Jorge Maravilha (Chico Buarque, sob heterônimo de Julinho da Adelaide)
Quando Chico Buarque tapeou a censura com “Apesar de você”, ele despertou a “ira” dos censores, que passaram a vetar praticamente toda canção cuja autoria fosse de Chico. Então, para driblar a censura, Chico usou um pseudônimo: Julinho da Adelaide. Foi assim que ele lançou o LP “Sinal Fechado” em 1974 e várias canções que se valiam de metáforas e dos artifícios já mencionados para se referir ao regime e lançar provocações. Uma delas foi “Jorge Maravilha”, cujo verso “Você não gosta de mim mas sua filha gosta” chegou a ser interpretado como pirraça ao então presidente Geisel, já que sua filha teria admitido gostar das músicas de Chico. Julinho chamou tanta atenção que Chico chegou a dar entrevista para o jornal Última Hora incorporando o personagem.

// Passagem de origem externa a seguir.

lemma borel_measurable_nn_integral_level_rel:
  assumes "continuous_on {0..1} h" and [measurable]: "w \<in> borel_measurable borel"
  shows "(\<lambda>r. \<integral>\<^sup>+p. indicator (level_rel h r) p * ennreal (w p) \<partial>lborel) \<in> borel_measurable borel"
proof -
  note [measurable] = sets_Sigma_level_rel[OF assms(1)]
  show ?thesis
    unfolding indicator_level_rel_eq_Sigma by measurable
qed

lemma nn_integral_level_rel_eq_mh:
  assumes nonneg: "\<forall>x\<in>{0..1}. 0 \<le> h x"
  shows "(\<integral>\<^sup>+r. indicator {0..} r * indicator (level_rel h r) p \<partial>lborel)
       = indicator ({0..1}\<times>{0..1}) p * ennreal (mh h (fst p) (snd p))"
proof (cases "p \<in> {0..1}\<times>{0..1}")
  case True
  then have "indicator {0..} r * indicator (level_rel h r) p = (indicator {0..mh h (fst p) (snd p)} r :: ennreal)" for r
    using nonneg by (cases p) (auto simp: indicator_def le_mh_iff)
  with True nonneg show ?thesis
    by (cases p) (simp add: mh_nonneg)
next
  case False
  then have "p \<notin> level_rel h r" for r
    by (cases p) (auto dest: level_rel_unit_square)
  with False show ?thesis by simp
qed

lemma integral_mh_eq_layers:
  fixes w :: "real \<times> real \<Rightarrow> real"
  assumes h: "continuous_on {0..1} h" and nonneg: "\<forall>x\<in>{0..1}. 0 \<le> h x"
    and [measurable]: "w \<in> borel_measurable borel" and w_nonneg: "\<And>p. 0 \<le> w p"
  shows "(LINT p:{0..1}\<times>{0..1}|(lborel \<Otimes>\<^sub>M lborel). w p * mh h (fst p) (snd p))
       = enn2real (\<integral>\<^sup>+r. indicator {0..} r * (\<integral>\<^sup>+p. indicator (level_rel h r) p * ennreal (w p) \<partial>lborel) \<partial>lborel)"
proof -
  note [measurable] = sets_Sigma_level_rel[OF h]
  have [measurable]: "level_rel h r \<in> sets borel" for r
    by (rule borel_closed[OF closed_level_rel_slice[OF h]])
  define M where "M p = (\<integral>\<^sup>+r. indicator {0..} r * indicator (level_rel h r) p \<partial>lborel)" for p
  have [measurable]: "M \<in> borel_measurable borel"
    unfolding M_def indicator_level_rel_eq_Sigma by measurable
  have M_eq: "M p = indicator ({0..1}\<times>{0..1}) p * ennreal (mh h (fst p) (snd p))" for p
    unfolding M_def by (rule nn_integral_level_rel_eq_mh[OF nonneg])
  have "(LINT p:{0..1}\<times>{0..1}|(lborel \<Otimes>\<^sub>M lborel). w p * mh h (fst p) (snd p))
      = (LINT p|lborel. w p * enn2real (M p))"
    unfolding set_lebesgue_integral_def lborel_prod
  proof (intro Bochner_Integration.integral_cong refl)
    fix p :: "real \<times> real"
    show "indicator ({0..1}\<times>{0..1}) p *\<^sub>R (w p * mh h (fst p) (snd p)) = w p * enn2real (M p)"
      by (cases "p \<in> {0..1}\<times>{0..1}") (simp_all add: M_eq mh_nonneg nonneg mem_Times_iff)
  qed
  also have "\<dots> = enn2real (\<integral>\<^sup>+p. ennreal (w p * enn2real (M p)) \<partial>lborel)"
    using w_nonneg by (intro integral_eq_nn_integral) auto
  also have "(\<integral>\<^sup>+p. ennreal (w p * enn2real (M p)) \<partial>lborel)
      = (\<integral>\<^sup>+p. \<integral>\<^sup>+r. indicator {0..} r * indicator (level_rel h r) p * ennreal (w p) \<partial>lborel \<partial>lborel)"
  proof (intro nn_integral_cong)
    fix p :: "real \<times> real"
    have "ennreal (w p * enn2real (M p)) = M p * ennreal (w p)"
      by (cases "p \<in> {0..1}\<times>{0..1}") (simp_all add: M_eq w_nonneg mh_nonneg nonneg mem_Times_iff ennreal_mult' mult.commute)
    also have "\<dots> = (\<integral>\<^sup>+r. indicator {0..} r * indicator (level_rel h r) p * ennreal (w p) \<partial>lborel)"
      unfolding M_def by (rule nn_integral_multc[symmetric]) (unfold indicator_level_rel_eq_Sigma, measurable)
    finally show "ennreal (w p * enn2real (M p)) = \<dots>" .
  qed
  also have "\<dots> = (\<integral>\<^sup>+r. \<integral>\<^sup>+p. indicator {0..} r * indicator (level_rel h r) p * ennreal (w p) \<partial>lborel \<partial>lborel)"
    by (rule lborel_pair.Fubini'[symmetric]) (unfold indicator_level_rel_eq_Sigma, measurable)
  also have "\<dots> = (\<integral>\<^sup>+r. indicator {0..} r * (\<integral>\<^sup>+p. indicator (level_rel h r) p * ennreal (w p) \<partial>lborel) \<partial>lborel)"
    by (simp add: nn_integral_cmult mult.assoc)
  finally show ?thesis .
qed

theorem lemma8p6:
  fixes h :: "real \<Rightarrow> real" and a :: real
  assumes "continuous_on {0..1} h"
    and "\<forall>x\<in>{0..1}. h x \<ge> 0"
    and "a > 0"
  shows "2 * (LINT s:{0..1}|lborel. (LINT r:{0..h s}|lborel. (sigma_rs r s h) powr a))
       = a * (a + 1) * (LINT p:{0..1::real}\<times>{0..1::real}|(lborel \<Otimes>\<^sub>M lborel).
            \<bar>snd p - fst p\<bar> powr (a - 1) * mh h (fst p) (snd p))"
proof -
  note h = assms(1) and nonneg = assms(2) and a = assms(3)
  define w where "w p = \<bar>snd p - fst p\<bar> powr (a - 1)" for p :: "real \<times> real"
  have w_measurable: "w \<in> borel_measurable borel"
    unfolding w_def borel_prod[symmetric] by measurable
  define Z where "Z r = (\<integral>\<^sup>+s. ennreal (measure lborel (level_rel h r `` {s}) powr a) \<partial>lborel)" for r
  define W where "W r = (\<integral>\<^sup>+p. indicator (level_rel h r) p * ennreal (w p) \<partial>lborel)" for r
  have [measurable]: "Z \<in> borel_measurable borel" "W \<in> borel_measurable borel"
    unfolding Z_def[abs_def] W_def[abs_def]
    by (intro borel_measurable_nn_integral_level_class borel_measurable_nn_integral_level_rel h w_measurable)+
  have layer: "ennreal (a * (a + 1)) * W r = 2 * Z r" for r
  proof -
    interpret interval_classes "level_rel h r"
      by (rule interval_classes_level_rel[OF h])
    show ?thesis
      using nn_integral_abs_powr_classes[OF a] by (simp add: W_def Z_def w_def class_length_def)
  qed
  have "2 * (LINT s:{0..1}|lborel. (LINT r:{0..h s}|lborel. (sigma_rs r s h) powr a))
      = enn2real (2 * (\<integral>\<^sup>+r. indicator {0..} r * Z r \<partial>lborel))"
    using integral_sigma_rs_powr_eq_layers[OF h nonneg] a by (simp add: Z_def enn2real_mult)
  also have "2 * (\<integral>\<^sup>+r. indicator {0..} r * Z r \<partial>lborel) = ennreal (a * (a + 1)) * (\<integral>\<^sup>+r. indicator {0..} r * W r \<partial>lborel)"
    by (simp add: layer mult.left_commute flip: nn_integral_cmult)
  also have "enn2real \<dots> = a * (a + 1) * (LINT p:{0..1}\<times>{0..1}|(lborel \<Otimes>\<^sub>M lborel). w p * mh h (fst p) (snd p))"
    using integral_mh_eq_layers[OF h nonneg w_measurable] a by (simp add: W_def w_def enn2real_mult)
  finally show ?thesis
    by (simp add: w_def)
qed

end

Matéria no jornal sobre Julinho da Adelaide
Depois de descobrir o “esquema” de Chico, a censura passou a exigir RG e CPF dos compositores.
Adoniran Barbosa
Tiro ao Álvaro
A justificativa para a proibição da clássica canção “Tiro ao Álvaro”, do sambista paulista Adoniran Barbosa, revela o apreço ao português bem falado dos parâmetros da censura: a “falta de gosto” por conta do “erros” de pronúncia e de português na letra impediam sua liberação. “Tauba”, “artomórve”, “revorve”.
Documento vetando a letra de ‘Tiro ao Álvaro’
O que o sambista estava fazendo era um claro recurso poético, utilizado desde os modernistas do início do século, de assumir a coloquialidade da fala popular em uma letra de música. O censor no entanto tratou como erros de português.
Caetano Veloso
Vaca Profana
A música foi censurada em 1984, quando Gal Costa lançou a canção no álbum “Profana”. O motivo da censura foi a violação da moral e dos bons costumes,
Vaca profana (Caetano Veloso)
Respeito muito minhas lágrimas
Mas ainda mais minha risada
Inscrevo, assim, minhas palavras
Na voz de uma mulher sagrada
Vaca profana, põe teus cornos
Pra fora e acima da manada
Vaca profana, põe teus cornos
Pra fora e acima da manada
Ê, ê, ê, ê, ê
Dona das divinas tetas
Derrama o leite bom na minha cara
E o leite mau na cara dos caretas
Segue a movida Madrileña
Também te mata Barcelona
Napoli, Pino, Pi, Paus, Punks
Picassos movem-se por Londres
Bahia, onipresentemente
Rio e belíssimo horizonte
Bahia, onipresentemente
Rio e belíssimo horiz
Ê, ê, ê, ê, ê,
Vaca de divinas tetas
La leche buena toda en mi garganta
La mala leche para los puretas
Quero que pinte um amor Bethânia
Stevie Wonder, Andaluz
Como o que tive em Tel Aviv
Perto do mar, longe da cruz
Mas em composição cubista
Meu mundo Thelonius Monk's blues
Mas em composição cubista
Meu mundo Thelonius Monk's
Ê, ê, ê, ê, ê,
Vaca das divinas tetas
Teu bom só para o oco, minha falta
E o resto inunde as almas dos caretas
Sou tímido e espalhafatoso
Torre traçada por Gaudi
São Paulo é como o mundo todo
No mundo, um grande amor perdi
Caretas de Paris e New York
Sem mágoas, estamos aí
Caretas de Paris e New York
Sem mágoas, estamos ai
Ê, ê, ê, ê, ê,
Dona das divinas tetas
Quero teu leite todo em minha alma
Nada de leite mau para os caretas
Mas eu também sei ser careta
De perto, ninguém é normal
Às vezes, segue em linha reta
A vida, que é 'meu bem, meu mal'
No mais, as ramblas do planeta
Orchta de chufa, si us plau
No mais, as ramblas do planeta
Orchta de chufa, si us
Ê, ê, ê, ê, ê,
Deusa de assombrosas tetas
Gotas de leite bom na minha cara
Chuva do mesmo bom sobre os caretas
Caso tardio de censura, a canção de Caetano Veloso foi censurada em 1984, quando do lançamento do álbum Profana, de Gal Costa. Segundo a Divisão de Censura de Diversões Públicas, a letra de Caetano feria a moral e os bons costumes em seus versos semipornográficos e… profanos.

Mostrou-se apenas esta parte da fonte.